SPEAR-VLM: 3D Robotics & Space Perception

Updated 3 July 2026
  • SPEAR-VLM is a dual-purpose vision-language approach that integrates 3D geometric reasoning for robotic control and pseudo-labeling pipelines for spacecraft imagery.
  • In robotics, it extends PaliGemma with a monocular depth encoder and 3D token embeddings to boost object localization from 2D images.
  • For spacecraft perception, it refines VLM-derived pseudo-labels via test-time augmentation, weighted fusion, and distillation for real-time lightweight inference.

Searching arXiv for the relevant SPEAR-VLM papers to ground the article in current arXiv usage. In current arXiv usage, SPEAR-VLM denotes two distinct vision-language systems with different problem settings and objectives. In robotics, SPEAR-VLM is a 3D-aware VLM introduced as the perceptual backbone of SPEAR-1, where it extends PaliGemma with a monocular depth encoder, 3D token embeddings, and VQA-style 3D supervision so that the backbone can infer object coordinates in 3D space from a single 2D image (Nikolov et al., 21 Nov 2025). In space-domain perception, SPEAR-VLM denotes an annotation-free detection and segmentation pipeline that uses a pre-trained VLM to generate pseudo-labels for spacecraft imagery, refines those labels with test-time augmentation and Weighted Boxes Fusion, and distills them into lightweight student models for inference (Hicsonmez et al., 4 Feb 2026). The shared designation reflects a common reliance on VLMs, but the two systems differ fundamentally in architecture, supervision, downstream tasks, and deployment assumptions.

1. Terminological scope and research context

The robotics usage emerges from the argument that most vision-LLMs are pretrained on 2D web image-language data, making them strong at semantics but weak at the 3D spatial reasoning required for embodied control (Nikolov et al., 21 Nov 2025). Within that framing, SPEAR-VLM is not itself the final robot policy; rather, it is the 3D-aware perceptual substrate used inside SPEAR-1. The stated motivation is to “replace” some robot data with non-robotic images enriched with 3D annotations, thereby reducing dependence on expensive robot demonstrations.

The space-domain usage addresses a different bottleneck: manual annotation is expensive and difficult for spacecraft imagery because targets are often small, low-visibility, partially occluded, and embedded in cluttered planetary or laboratory backgrounds (Hicsonmez et al., 4 Feb 2026). Here, SPEAR-VLM is not a 3D-aware backbone for control, but an annotation-free pseudo-labeling, refinement, and distillation pipeline for spacecraft detection and segmentation.

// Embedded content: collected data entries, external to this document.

text \<open>Negative integers are never represented, since the coordinates are nonnegative.\<close>

lemma rep_neg: "m < 0 \<Longrightarrow> rep m = 0"
  using coord_bounds[of m] unfolding rep_def by auto

lemma coeff_monom_mult_geom_triple:
  "coeff (monom 1 s * (geom_poly (p*r) q * geom_poly (q*r) p * geom_poly (p*q) r)) k
     = of_int (rep (int k - int s))"
proof (cases "k < s")
  case True
  then show ?thesis using rep_neg[of "int k - int s"] by (simp add: coeff_monom_mult)
next
  case False
  then have "int (k - s) = int k - int s" by simp
  then show ?thesis using False by (simp add: coeff_monom_mult coeff_geom_triple_rep)
qed

definition alt_rep :: "int \<Rightarrow> int" where
  "alt_rep n = rep n - rep (n - p) - rep (n - q) - rep (n - r)
     + rep (n - p - q) + rep (n - p - r) + rep (n - q - r) - rep (n - p - q - r)"

text \<open>Below degree \<open>N\<close>, the coefficients of \<open>(x - 1) Phi N\<close> are (up to sign) the values of
  \<open>alt_rep\<close>; this is the ternary key identity read coefficientwise.\<close>

lemma coeff_unity_Phi:
  assumes "k < p * q * r"
  shows "coeff (unity_poly 1 * Phi (p*q*r)) k = - of_int (alt_rep (int k))"
proof -
  let ?G = "geom_poly (p*r) q * geom_poly (q*r) p * geom_poly (p*q) r"
  let ?c = "\<lambda>s. coeff (monom 1 s * ?G) k"
  have "coeff (unity_poly 1 * Phi (p*q*r)) k
      = coeff (unity_poly 1 * Phi (p*q*r) * unity_poly (p*q*r) * unity_poly (p*q*r)) k"
    using assms by (simp add: coeff_mult_unity_poly_square)
  also have "\<dots> = coeff (unity_poly p * unity_poly q * unity_poly r * ?G) k"
    using ternary_key_identity[OF prime_p prime_q prime_r p_ne_q p_ne_r q_ne_r] by simp
  also have "\<dots> = ?c (p+q+r) - ?c (p+q) - ?c (p+r) - ?c (q+r) + ?c p + ?c q + ?c r - coeff ?G k"
    unfolding unity_poly_triple_expand by (simp add: algebra_simps)
  also have "\<dots> = - of_int (alt_rep (int k))"
    unfolding coeff_monom_mult_geom_triple coeff_geom_triple_rep alt_rep_def
    by (simp add: algebra_simps)
  finally show ?thesis .
qed

lemma coords_shift:
  "xc (m - int p) = (xc m - xc (int p)) mod N" "yc (m - int p) = yc m"
  "zc (m - int p) = (zc m - zc (int p)) mod N"
  "xc (m - int q) = xc m" "yc (m - int q) = (yc m - yc (int q)) mod N"
  "zc (m - int q) = (zc m - zc (int q)) mod N"
  "xc (m - int r) = (xc m - xc (int r)) mod N" "yc (m - int r) = (yc m - yc (int r)) mod N"
  "zc (m - int r) = zc m"
  using coord_diff coord_vanish coord_bounds by simp_all

text \<open>The main estimate: writing the eight shifted indicators in terms of the coordinates
  of \<open>n\<close>, the combinatorial bound applies with the amounts \<open>xc p, zc p\<close> (for \<open>p\<close>),
  \<open>yc q, zc q\<close> (for \<open>q\<close>) and \<open>xc r, yc r\<close> (for \<open>r\<close>).\<close>

lemma alt_rep_bound:
  assumes "0 \<le> n" "n < N"
  shows "\<bar>alt_rep n\<bar> \<le> 1"
proof -
  define X Y Z where "X = xc n" and "Y = yc n" and "Z = zc n"
  define t where "t = (X + Y + Z) div N"
  have "(X + Y + Z) mod N = n" unfolding X_def Y_def Z_def using coord_sum_mod assms by simp
  then have t: "X + Y + Z = n + N * t"
    using div_mult_mod_eq[of "X + Y + Z" N] unfolding t_def by (simp add: mult.commute)
  have "\<bar>alt_rep n\<bar> = \<bar>(if X + Y + Z = n then 1 else 0)
     - (if (X - xc p) mod N + Y + (Z - zc p) mod N = n - p then 1 else 0)
     - (if X + (Y - yc q) mod N + (Z - zc q) mod N = n - q then 1 else 0)
     - (if (X - xc r) mod N + (Y - yc r) mod N + Z = n - r then 1 else 0)
     + (if (X - xc p) mod N + (Y - yc q) mod N + (Z - zc p - zc q) mod N = n - p - q then 1 else 0)
     + (if (X - xc p - xc r) mod N + (Y - yc r) mod N + (Z - zc p) mod N = n - p - r then 1 else 0)
     + (if (X - xc r) mod N + (Y - yc q - yc r) mod N + (Z - zc q) mod N = n - q - r then 1 else 0)
     - (if (X - xc p - xc r) mod N + (Y - yc q - yc r) mod N + (Z - zc p - zc q) mod N
          = n - p - q - r then 1 else 0)\<bar>"
    unfolding alt_rep_def rep_def X_def Y_def Z_def by (simp only: coords_shift mod_diff_left_eq)
  also have "\<dots> \<le> 1"
    by (rule alternating_shift_bound)
      (use coord_bounds N_gt shifted_sums assms t in \<open>auto simp: X_def Y_def Z_def\<close>)
  finally show ?thesis .
qed

end

text \<open>Outside \<open>[0, N)\<close> both coefficients vanish (\<open>deg Phi_N \<le> N - 2\<close>); inside,
  the difference is a coefficient of \<open>(x - 1) Phi_N\<close>, i.e. \<open>alt_rep n\<close>. The hypotheses
  \<open>p < q\<close>, \<open>p < r\<close> are only needed to make the three primes distinct.\<close>

theorem theorem3:
  fixes p q r :: nat and n :: int
  assumes "prime p" "prime q" "prime r"
    and "q \<noteq> r" and "p < q" and "p < r"
  shows "cmod (cyc_coeff (p * q * r) n - cyc_coeff (p * q * r) (n - 1)) \<le> 1"
proof -
  interpret ternary p q r using assms by unfold_locales auto
  have N: "N = int (p * q * r)" "p < p * q * r"
    using N_gt(1) unfolding N_def by (simp_all only: of_nat_less_iff)
  have N1: "1 < p * q * r" using N(2) gt1 by linarith
  consider "n < 0" | "int (p * q * r) \<le> n" | "0 \<le> n" "n < int (p * q * r)" by linarith
  then show ?thesis
  proof cases
    case 1
    then show ?thesis by (simp add: cyc_coeff_def)
  next
    case 2
    have "p * q * r - 2 < nat (n - 1)"
      using 2 N1 by (simp add: zless_nat_eq_int_zless of_nat_diff)
    then have "degree (cyclotomic_poly (p * q * r)) < nat (n - 1)"
      using degree_cyclotomic_poly_le[OF assms(1) N(2)] by simp
    then show ?thesis using 2 by (simp add: cyc_coeff_def coeff_eq_0)
  next
    case 3
    then have "nat n < p * q * r" by (simp add: nat_less_iff)
    then have "cmod (cyc_coeff (p * q * r) n - cyc_coeff (p * q * r) (n - 1)) = \<bar>alt_rep n\<bar>"
      using cyc_coeff_diff[OF N1 3(1)] coeff_unity_Phi 3(1) by simp
    moreover have "\<bar>alt_rep n\<bar> \<le> 1" using alt_rep_bound 3 N(1) by simp
    ultimately show ?thesis by (simp flip: of_int_abs)
  qed
qed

This naming overlap can lead to a common misconception that SPEAR-VLM designates a single unified model family. The available evidence instead indicates two independent usages. A plausible implication is that the shared acronym should be interpreted locally, in relation to each paper’s domain and objective, rather than as a stable cross-domain benchmark family.

2. SPEAR-VLM in robotics: architectural definition

In the robotics formulation, SPEAR-VLM extends PaliGemma into a 3D-aware VLM (Nikolov et al., 21 Nov 2025). PaliGemma is described as having three components: a SigLIP image encoder, a linear projector into language space, and a Gemma LLM. SPEAR-VLM adds a monocular depth encoder, namely MoGe, extra 3D token embeddings in the tokenizer, and training tasks that require explicit 3D reasoning.

The fusion mechanism is specified in implementation detail. The model keeps SigLIP and MoGe as separate encoders, extracts SigLIP last-layer visual tokens, extracts MoGe features from the last 4 layers of the MoGe ViT encoder, concatenates the MoGe features along the channel dimension, projects both SigLIP and MoGe features into the LLM embedding space, and averages the outputs of the SigLIP and MoGe projectors before feeding them to the LLM (Nikolov et al., 21 Nov 2025). The tokenizer is extended with N=1024N=1024 3D tokens, representing quantized distance values.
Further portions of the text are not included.